Once you get into the docker, the following commands are all run within the docker container.

Since the model tokenizer is defaultly downloading from huggingface. Please authenticate to HuggingFace via the HuggingFace CLI by running the following command:

# EXAMPLE COMMANDS
export HUGGING_FACE_HUB_TOKEN=<your-hf-token>
huggingface-cli login

Also, to use the full functionality of our pretraining software, please also provide your llmboost license within the docker. Please contact us through contact@mangoboost.io if you don't have a llmboost license. You can put your license inside the docker by running:

echo "<your-llmboost-license>" > /workspace/llmboost_license.skm

Step 2: Using LLM Pretraining in a Python program

The belowing python script gives an example to pretrain a Llama-liked model.
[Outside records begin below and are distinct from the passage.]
(* Let $N\ge1$, $W,N_0,P_A,P^{max}>0$ and for $i=1,\dots,N$ let $D_i,\zeta_i,h_i,g_i>0$. Consider the problem: minimize $\tau_0+\sum_{i=1}^N\tau_{S_i}$ over $\tau_0,\tau_{S_i},P_{S_i}\ge0$ subject to, for all $i$, $P_{S_i}\tau_{S_i}\le\zeta_iP_Ah_i\tau_0$, $\tau_{S_i}W\log_2\left(1+\frac{P_{S_i}g_i}{WN_0}\right)\ge D_i$, and $P_{S_i}\le P^{max}$. For each $i$ let $\gamma_i=\frac{g_i\zeta_iP_Ah_i}{WN_0}$, $\alpha_i=\mathbb{L}_0\!\left(\frac{\gamma_i-1}{e}\right)+1$ ($\mathbb{L}_0$ the principal Lambert W function), $\dot\tau_{S_i}=\frac{D_i\ln2}{W\alpha_i}$, $\dot\tau_0^i=\frac{D_i\ln2}{W\alpha_i\gamma_i}\left(2^{\alpha_i/\ln2}-1\right)$, $\ddot\tau_{S_i}=\frac{D_i}{W\log_2(1+P^{max}g_i/(WN_0))}$, $\ddot\tau_0^i=\frac{P^{max}\ddot\tau_{S_i}}{\zeta_iP_Ah_i}$, and set $\hat\tau_0^i=\dot\tau_0^i$ if $\zeta_iP_Ah_i\dot\tau_0^i/\dot\tau_{S_i}\le P^{max}$ and $\hat\tau_0^i=\ddot\tau_0^i$ otherwise. Then $\max_{i=1,\dots,N}\hat\tau_0^i$ is a lower bound on the optimal value of $\tau_0$ in this problem.
   Context: Multiple source wireless powered network: all sources harvest energy from an AP of power $P_A$ during a common time $\tau_0$ (source $i$ harvests $\zeta_iP_Ah_i\tau_0$), then each source $i$ transmits $D_i$ bits in its own slot of length $\tau_{S_i}$ with power $P_{S_i}$ over an AWGN channel of gain $g_i$. $\hat\tau_0^i$ is the optimal energy harvesting time when source $i$ is alone in the network. *)

theory Defs
  imports Complex_Main
begin

text \<open>Principal branch of the Lambert W function (defined on [-1/e, inf)):
  the unique w \<ge> -1 with w * exp w = x.\<close>
definition lambertW0 :: "real \<Rightarrow> real" where
  "lambertW0 x = (THE w. -1 \<le> w \<and> w * exp w = x)"

definition wpn_feasible ::
  "nat \<Rightarrow> real \<Rightarrow> real \<Rightarrow> real \<Rightarrow> real \<Rightarrow> (nat \<Rightarrow> real) \<Rightarrow> (nat \<Rightarrow> real)
   \<Rightarrow> (nat \<Rightarrow> real) \<Rightarrow> (nat \<Rightarrow> real) \<Rightarrow> real \<Rightarrow> (nat \<Rightarrow> real) \<Rightarrow> (nat \<Rightarrow> real) \<Rightarrow> bool" where
  "wpn_feasible N W N0 PA Pmax D zeta h g tau0 tauS PS \<longleftrightarrow>
     tau0 \<ge> 0 \<and>
     (\<forall>i\<in>{1..N}. tauS i \<ge> 0 \<and> PS i \<ge> 0 \<and>
        PS i * tauS i \<le> zeta i * PA * h i * tau0 \<and>
        tauS i * W * log 2 (1 + PS i * g i / (W * N0)) \<ge> D i \<and>
        PS i \<le> Pmax)"

definition wpn_objective :: "nat \<Rightarrow> real \<Rightarrow> (nat \<Rightarrow> real) \<Rightarrow> real" where
  "wpn_objective N tau0 tauS = tau0 + (\<Sum>i=1..N. tauS i)"

definition wpn_optimal ::
  "nat \<Rightarrow> real \<Rightarrow> real \<Rightarrow> real \<Rightarrow> real \<Rightarrow> (nat \<Rightarrow> real) \<Rightarrow> (nat \<Rightarrow> real)
   \<Rightarrow> (nat \<Rightarrow> real) \<Rightarrow> (nat \<Rightarrow> real) \<Rightarrow> real \<Rightarrow> (nat \<Rightarrow> real) \<Rightarrow> (nat \<Rightarrow> real) \<Rightarrow> bool" where
  "wpn_optimal N W N0 PA Pmax D zeta h g tau0 tauS PS \<longleftrightarrow>
     wpn_feasible N W N0 PA Pmax D zeta h g tau0 tauS PS \<and>
     (\<forall>t0 tS P. wpn_feasible N W N0 PA Pmax D zeta h g t0 tS P \<longrightarrow>
        wpn_objective N tau0 tauS \<le> wpn_objective N t0 tS)"

definition gamma_i :: "real \<Rightarrow> real \<Rightarrow> real \<Rightarrow> real \<Rightarrow> real \<Rightarrow> real \<Rightarrow> real" where
  "gamma_i W N0 PA zeta h g = g * zeta * PA * h / (W * N0)"

definition alpha_i :: "real \<Rightarrow> real" where
  "alpha_i \<gamma> = lambertW0 ((\<gamma> - 1) / exp 1) + 1"

definition tau0_hat ::
  "real \<Rightarrow> real \<Rightarrow> real \<Rightarrow> real \<Rightarrow> real \<Rightarrow> real \<Rightarrow> real \<Rightarrow> real \<Rightarrow> real" where
  "tau0_hat W N0 PA Pmax D zeta h g =
     (let \<gamma> = gamma_i W N0 PA zeta h g;
          \<alpha> = alpha_i \<gamma>;
          tSdot = D * ln 2 / (W * \<alpha>);
          t0dot = D * ln 2 / (W * \<alpha> * \<gamma>) * (2 powr (\<alpha> / ln 2) - 1);
          tSddot = D / (W * log 2 (1 + Pmax * g / (W * N0)));
          t0ddot = Pmax * tSddot / (zeta * PA * h)
      in if zeta * PA * h * t0dot / tSdot \<le> Pmax then t0dot else t0ddot)"

end

theory Submission
  imports Defs
begin

text \<open>Fix a source with SNR gain \<gamma> and write u = ln (1 + P g / (W N0)) for its spectral
  efficiency in nats. Any feasible schedule has \<tau>S u \<ge> K = D ln 2 / W and
  \<gamma> \<tau>0 \<ge> (e^u - 1) \<tau>S, hence \<gamma> (\<tau>0 + \<tau>S) \<ge> K (\<gamma> - 1 + e^u) / u. As a function of u the
  right-hand side has its unique minimum where (u - 1) e^u = \<gamma> - 1, i.e. at u = \<alpha> (this is
  the equation the Lambert W function solves), and it decreases on (0, \<alpha>]; so under the power
  cap it is uniquely minimised at u* = min \<alpha> u_max. The schedule that is tight at u* harvests
  for exactly \<tau>0_hat. If an optimal solution had \<tau>0 < \<tau>0_hat, replacing that source's part by
  the tight schedule would therefore strictly decrease \<tau>0 + \<tau>S (when u = u* already
  \<tau>0 \<ge> \<tau>0_hat), while the longer harvesting time keeps every other source feasible.\<close>

lemma exp_tangent_less:
  fixes a u :: real
  assumes "u \<noteq> a"
  shows "exp a * (1 + (u - a)) < exp u"
proof -
  have "1 + (u - a) < exp (u - a)"
    using exp_minus_greater[of "a - u"] assms by simp
  then show ?thesis by (simp add: exp_diff field_simps)
qed

lemma diff_one_mult_exp_mono:
  fixes v a :: real
  assumes "0 \<le> v" "v \<le> a"
  shows "(v - 1) * exp v \<le> (a - 1) * exp a"
proof (rule DERIV_nonneg_imp_nondecreasing[OF assms(2)])
  fix x assume "v \<le> x" "x \<le> a"
  show "\<exists>y. DERIV (\<lambda>x. (x - 1) * exp x) x :> y \<and> y \<ge> 0"
    using \<open>v \<le> x\<close> assms
    by (intro exI[of _ "x * exp x"]) (auto intro!: derivative_eq_intros simp: algebra_simps)
qed

lemma mult_exp_strict_mono:
  fixes w1 w2 :: real
  assumes "-1 \<le> w1" "w1 < w2"
  shows "w1 * exp w1 < w2 * exp w2"
proof (rule DERIV_pos_imp_increasing_open[OF assms(2)])
  fix x assume "w1 < x" "x < w2"
  then have "0 < (1 + x) * exp x" using assms(1) by simp
  then show "\<exists>y. DERIV (\<lambda>x. x * exp x) x :> y \<and> y > 0"
    by (intro exI[of _ "(1 + x) * exp x"]) (auto intro!: derivative_eq_intros simp: algebra_simps)
qed (intro continuous_intros)

lemma lambertW0_unique:
  fixes y :: real
  assumes "-1 / exp 1 \<le> y"
  shows "\<exists>!w. -1 \<le> w \<and> w * exp w = y"
proof -
  have "\<exists>w. -1 \<le> w \<and> w \<le> max 0 y \<and> w * exp w = y"
  proof (rule IVT')
    show "(-1) * exp (-1) \<le> y" using assms by (simp add: exp_minus field_simps)
    have "max 0 y * 1 \<le> max 0 y * exp (max 0 y)" by (intro mult_left_mono) auto
    then show "y \<le> max 0 y * exp (max 0 y)" using max.cobounded2[of y 0] by linarith
  qed (auto intro!: continuous_intros)
  then obtain w where "-1 \<le> w" "w * exp w = y" by blast
  then show ?thesis
    by (metis linorder_neqE_linordered_idom mult_exp_strict_mono order_less_irrefl)
qed

lemma lambertW0:
  fixes y :: real
  assumes "-1 / exp 1 \<le> y"
  shows "-1 \<le> lambertW0 y" "lambertW0 y * exp (lambertW0 y) = y"
  using theI'[OF lambertW0_unique[OF assms]] unfolding lambertW0_def by auto

lemma alpha_i:
  fixes \<gamma> :: real
  assumes "0 < \<gamma>"
  shows "0 < alpha_i \<gamma>" "(alpha_i \<gamma> - 1) * exp (alpha_i \<gamma>) = \<gamma> - 1"
proof -
  define w where "w = lambertW0 ((\<gamma> - 1) / exp 1)"
  have y: "-1 / exp 1 < (\<gamma> - 1) / exp 1" using assms by (simp add: field_simps)
  then have w: "-1 \<le> w" "w * exp w = (\<gamma> - 1) / exp 1"
    using lambertW0 unfolding w_def by auto
  moreover have "w \<noteq> -1" using w(2) y by (auto simp: exp_minus field_simps)
  moreover have "alpha_i \<gamma> = w + 1" unfolding alpha_i_def w_def by simp
  ultimately show "0 < alpha_i \<gamma>" "(alpha_i \<gamma> - 1) * exp (alpha_i \<gamma>) = \<gamma> - 1"
    by (auto simp: exp_add field_simps)
qed

text \<open>For a schedule that is tight at efficiency u, \<gamma> (\<tau>0 + \<tau>S) = K * time_factor \<gamma> u.\<close>
definition time_factor :: "real \<Rightarrow> real \<Rightarrow> real" where
  "time_factor \<gamma> u = (\<gamma> - 1 + exp u) / u"

lemma time_factor_global_min:
  fixes \<gamma> a u :: real
  assumes "0 < a" "(a - 1) * exp a = \<gamma> - 1" "0 < u" "u \<noteq> a"
  shows "time_factor \<gamma> a < time_factor \<gamma> u"
proof -
  have "time_factor \<gamma> a = exp a"
    using assms(1,2) unfolding time_factor_def by (simp add: field_simps)
  moreover have "u * exp a < \<gamma> - 1 + exp u"
    using exp_tangent_less[OF assms(4)] assms(2) by (simp add: algebra_simps)
  ultimately show ?thesis
    using assms(3) unfolding time_factor_def by (simp add: field_simps)
qed

lemma time_factor_strict_antimono:
  fixes \<gamma> u v :: real
  assumes "0 < u" "u < v" "(v - 1) * exp v \<le> \<gamma> - 1"
  shows "time_factor \<gamma> v < time_factor \<gamma> u"
proof -
  have "u * (\<gamma> - 1 + exp v) \<le> v * (\<gamma> - 1 + exp v * (1 + (u - v)))"
  proof -
    have "0 \<le> (v - u) * (\<gamma> - 1 - (v - 1) * exp v)" using assms by simp
    then show ?thesis by (simp add: algebra_simps)
  qed
  also have "\<dots> < v * (\<gamma> - 1 + exp u)"
    using exp_tangent_less[of u v] assms by simp
  finally show ?thesis using assms unfolding time_factor_def by (simp add: field_simps)
qed

lemma time_factor_capped_min:
  fixes \<gamma> a b u :: real
  assumes "0 < a" "(a - 1) * exp a = \<gamma> - 1" "0 < u" "u \<le> b" "u \<noteq> min a b"
  shows "time_factor \<gamma> (min a b) < time_factor \<gamma> u"
proof (cases "a \<le> b")
  case True
  then show ?thesis using time_factor_global_min assms by simp
next
  case False
  then have "(b - 1) * exp b \<le> \<gamma> - 1"
    using diff_one_mult_exp_mono[of b a] assms by simp
  then show ?thesis using time_factor_strict_antimono[of u b] False assms by simp
qed

lemma tight_schedule_strictly_better:
  fixes K \<gamma> u v t0 tS :: real
  assumes "0 < K" "0 < \<gamma>" "0 < u" "0 < v"
    and rate: "K \<le> tS * u" and energy: "(exp u - 1) * tS \<le> \<gamma> * t0"
    and minimal: "u \<noteq> v \<Longrightarrow> time_factor \<gamma> v < time_factor \<gamma> u"
    and t0_short: "t0 < K * (exp v - 1) / (v * \<gamma>)"
  shows "K * (exp v - 1) / (v * \<gamma>) + K / v < t0 + tS"
proof (cases "u = v")
  case True
  have "K / v \<le> tS" using rate \<open>u = v\<close> assms(4) by (simp add: field_simps)
  then have "(exp v - 1) / \<gamma> * (K / v) \<le> (exp v - 1) / \<gamma> * tS"
    using assms(2,4) by (intro mult_left_mono) auto
  then have "K * (exp v - 1) / (v * \<gamma>) \<le> (exp u - 1) * tS / \<gamma>"
    using \<open>u = v\<close> by (simp add: field_simps)
  also have "\<dots> \<le> t0" using energy assms(2) by (simp add: field_simps)
  finally show ?thesis using t0_short by simp
next
  case False
  have "K * (exp v - 1) / (v * \<gamma>) + K / v = K * time_factor \<gamma> v / \<gamma>"
    using assms(2,4) unfolding time_factor_def by (simp add: field_simps)
  also have "\<dots> < K * time_factor \<gamma> u / \<gamma>"
    using minimal[OF False] assms(1,2) by (simp add: divide_strict_right_mono)
  also have "\<dots> \<le> tS * u * time_factor \<gamma> u / \<gamma>"
  proof -
    have "1 < exp u" using assms(3) by simp
    then have "0 < \<gamma> - 1 + exp u" using assms(2) by linarith
    then have "0 < time_factor \<gamma> u" using assms(3) unfolding time_factor_def by simp
    then show ?thesis using rate assms(2) by (simp add: divide_right_mono)
  qed
  also have "\<dots> = (exp u - 1) * tS / \<gamma> + tS"
    using assms(2,3) unfolding time_factor_def by (simp add: field_simps)
  also have "\<dots> \<le> t0 + tS" using energy assms(2) by (simp add: field_simps)
  finally show ?thesis .
qed

lemma sum_fun_upd:
  fixes f :: "'a \<Rightarrow> 'b::ab_group_add"
  assumes "finite A" "i \<in> A"
  shows "sum (f(i := a)) A = sum f A - f i + a"
proof -
  have "sum (f(i := a)) (A - {i}) = sum f (A - {i})" by (intro sum.cong) auto
  then show ?thesis using assms by (simp add: sum.remove[of A i])
qed

definition source_feasible ::
  "real \<Rightarrow> real \<Rightarrow> real \<Rightarrow> real \<Rightarrow> real \<Rightarrow> real \<Rightarrow> real \<Rightarrow> real \<Rightarrow> real \<Rightarrow> real \<Rightarrow> real \<Rightarrow> bool" where
  "source_feasible W N0 PA Pmax D zeta h g t0 tS P \<longleftrightarrow>
     tS \<ge> 0 \<and> P \<ge> 0 \<and> P * tS \<le> zeta * PA * h * t0 \<and>
     tS * W * log 2 (1 + P * g / (W * N0)) \<ge> D \<and> P \<le> Pmax"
You can also find this example script in /workspace/apps/examples/pretrain/llm_pretrain_example.py.

# /workspace/apps/examples/pretrain/llm_pretrain_example.py
from llmboost.llmboost_pretrain import LLMBoostPretrain
from llmboost.pretrain.dataset_provider.gpt_dataset_provider import (
gpt_dataset_provider,
)
from llmboost.pretrain.model_provider.gpt_model_provider import gpt_model_provider
from llmboost.pretrain.forward_step.gpt_forward_step import gpt_forward_step
from megatron.core.enums import ModelType

if __name__ == "__main__":

# example of llama2-7B pretraining
llmboost_trainer = LLMBoostPretrain(
gpt_dataset_provider,
gpt_model_provider,
ModelType.encoder_or_decoder,
gpt_forward_step,
args_defaults={"tokenizer_type": "GPT2BPETokenizer"},
num_layers=32,
hidden_size=1024,
ffn_hidden_size=14336,
num_attention_heads=8,
seq_length=4096,
max_position_embeddings=128000,
num_query_groups=8,
# training hyperparams
micro_batch_size=1,
global_batch_size=4,
train_iters=50,
# training stategy
tp=1,
# data arguments
tokenizer_model="meta-llama/Llama-2-7b-chat-hf",
tensorboard_dir="logs/log_0.txt",
te_fp8=0,
)
llmboost_trainer.run()

Then, you could run the training by the following command, which will start training the llama-liked model on 4 GPUs. You are expected to see the model are trained by 50 iterations and the training loss drops by epochs.

torchrun --nproc_per_node=4 /workspace/apps/examples/pretrain/llm_pretrain_example.py

To run multi-node pretraining, you could specify the master node by setting MASTER_ADDR, MASTER_PORT, and RANK for each worker. i.e. torchrun --MASTER_ADDR <master node ip> --MASTER_PORT <port> --RANK <node rank> <script to run>. Please refer to PyTorch's torchrun documentation for more details.